Migration has also proven a conundrum for marriage and family law, which is the subject of Julia's current book project. How does family law work in practice for couples from two different countries, or for families that move from one country to another? This was a critical issue in the late nineteenth and early twentieth century, but it remains a contested topic to the present.

Colin works on the history of Ireland from the late eighteenth century to the recent Northern Ireland 'Troubles'.

The history of Ireland cannot be told with the history of migration, and one theme that he has developed an interest in is the experiences of the Irish in Britain, especially in the nineteenth century. This involved crossing national boundaries, but within the same state, which triggered complex politically, social and literary responses.

Colin has charted some of these in his article, ''Citizens of nowhere: longing, belonging and exile among Irish Protestant writers in Britain, c.1830-1970', Irish Studies Review, vol. 24, no, 3 (2016), pp. 255-74.

Martial has developed an interest in migration from two perspectives: his work on medieval communities and their relationship, on the one hand, and his focus on the role of exiled scholars in the invention of modern scholarship on the Middle Ages, the Renaissance and, more generally, in the Humanities and Social Sciences.

His publications on migration touch on migration and exile in the Middle Ages, Early Modernity and among twentieth-century scholars as well as on the imagination of migration and exile its role in the divide between the medieval and the modern period, the constitution of modern historiography, archaeology and anthropology and the invention of comparative religious history.

Martial aims to investigate the relationship between migration, both real and imagined, and the making of medieval Europe.

Casey’s research focuses on how the experience of involuntary migration influences the development of ethnic, national, and religious identity in the ancient Near East. To understand the impact of involuntary migration it is necessary to give involuntary migrants themselves a voice.

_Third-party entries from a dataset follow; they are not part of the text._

lemma rat_to_int_Ints: "q \<in> \<int> \<Longrightarrow> of_int (rat_to_int q) = q"
  by (auto elim!: Ints_cases simp: rat_to_int_def quotient_of_int)

definition clear_den :: "rat mpoly \<Rightarrow> int mpoly"
  where "clear_den f = Poly_Mapping.map (\<lambda>q. rat_to_int (q * of_nat (den f))) f"

definition int_content :: "int mpoly \<Rightarrow> int"
  where "int_content f = Gcd (Poly_Mapping.lookup f ` Poly_Mapping.keys f)"

lemma of_int_clear_den: "of_int (Poly_Mapping.lookup (clear_den f) k) = Poly_Mapping.lookup f k * of_nat (den f)"
  using rat_to_int_Ints[OF lookup_mult_den_Ints]
  by (simp add: clear_den_def map.rep_eq when_def rat_to_int_def)

lemma lookup_prim: "Poly_Mapping.lookup (prim f) k = Poly_Mapping.lookup (clear_den f) k div int_content (clear_den f)"
  unfolding prim_def Let_def clear_den_def int_content_def by (simp add: map.rep_eq when_def)

lemma int_content_dvd: "int_content f dvd Poly_Mapping.lookup f k"
  unfolding int_content_def by (cases "k \<in> Poly_Mapping.keys f") (simp_all add: in_keys_iff)

text \<open>Dividing \<open>den g \<cdot> g\<close> by its content \<open>c\<close> keeps the coefficients integral, so
  \<open>den g\<close> divides \<open>den g / c\<close>.\<close>

lemma int_content_clear_den_eq_1:
  assumes "Poly_Mapping.lookup g t0 = 1"
  shows "int_content (clear_den g) = 1"
proof -
  define D where "D = int (den g)"
  define c where "c = int_content (clear_den g)"
  have "D > 0"
    unfolding D_def using den_pos by simp
  have "Poly_Mapping.lookup (clear_den g) t0 = D"
    using of_int_clear_den[of g t0] assms unfolding D_def by (metis mult_1 of_int_eq_iff of_int_of_nat_eq)
  then have "c dvd D"
    unfolding c_def by (metis int_content_dvd)
  have "c \<noteq> 0"
    unfolding c_def int_content_def using \<open>Poly_Mapping.lookup (clear_den g) t0 = D\<close> \<open>D > 0\<close>
    by (force simp: Gcd_0_iff in_keys_iff)
  then have "c > 0"
    unfolding c_def int_content_def using Gcd_int_greater_eq_0 by (simp add: less_le)
  define E where "E = D div c"
  have DE: "D = E * c"
    unfolding E_def using \<open>c dvd D\<close> by simp
  then have "E > 0"
    using \<open>D > 0\<close> \<open>c > 0\<close> by (simp add: zero_less_mult_iff)
  have "Poly_Mapping.lookup g k * of_int E \<in> \<int>" for k
  proof -
    obtain m where m: "Poly_Mapping.lookup (clear_den g) k = c * m"
      using int_content_dvd unfolding c_def by blast
    have "of_int (c * m) = Poly_Mapping.lookup g k * of_int (E * c)"
      using of_int_clear_den[of g k] m DE unfolding D_def by (metis of_int_of_nat_eq)
    then have "Poly_Mapping.lookup g k * of_int E = of_int m"
      using \<open>c > 0\<close> by (simp add: field_simps)
    then show ?thesis
      by simp
  qed
  then have "D dvd E"
    unfolding D_def using den_dvd_if_mult_Ints[OF \<open>E > 0\<close>] by blast
  then have "E = D"
    using zdvd_antisym_nonneg[of E D] DE \<open>E > 0\<close> \<open>D > 0\<close> by (simp add: less_imp_le)
  then show ?thesis
    using DE \<open>D > 0\<close> unfolding c_def by auto
qed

The Hebrew Bible offers a unique opportunity to do so since it is an exceptional archive of testimony from involuntary migrants in the ancient Near East about their experience and its impact upon them. Therefore, Casey’s current research explores such texts as the book of Genesis through themes suggested by the study of forced migration.

Foregrounding involuntary migration will yield new exegetical insights on them, offer new evidence for reconstructing Israelite history, and support a fresh perspective on how to study migration across the ancient world.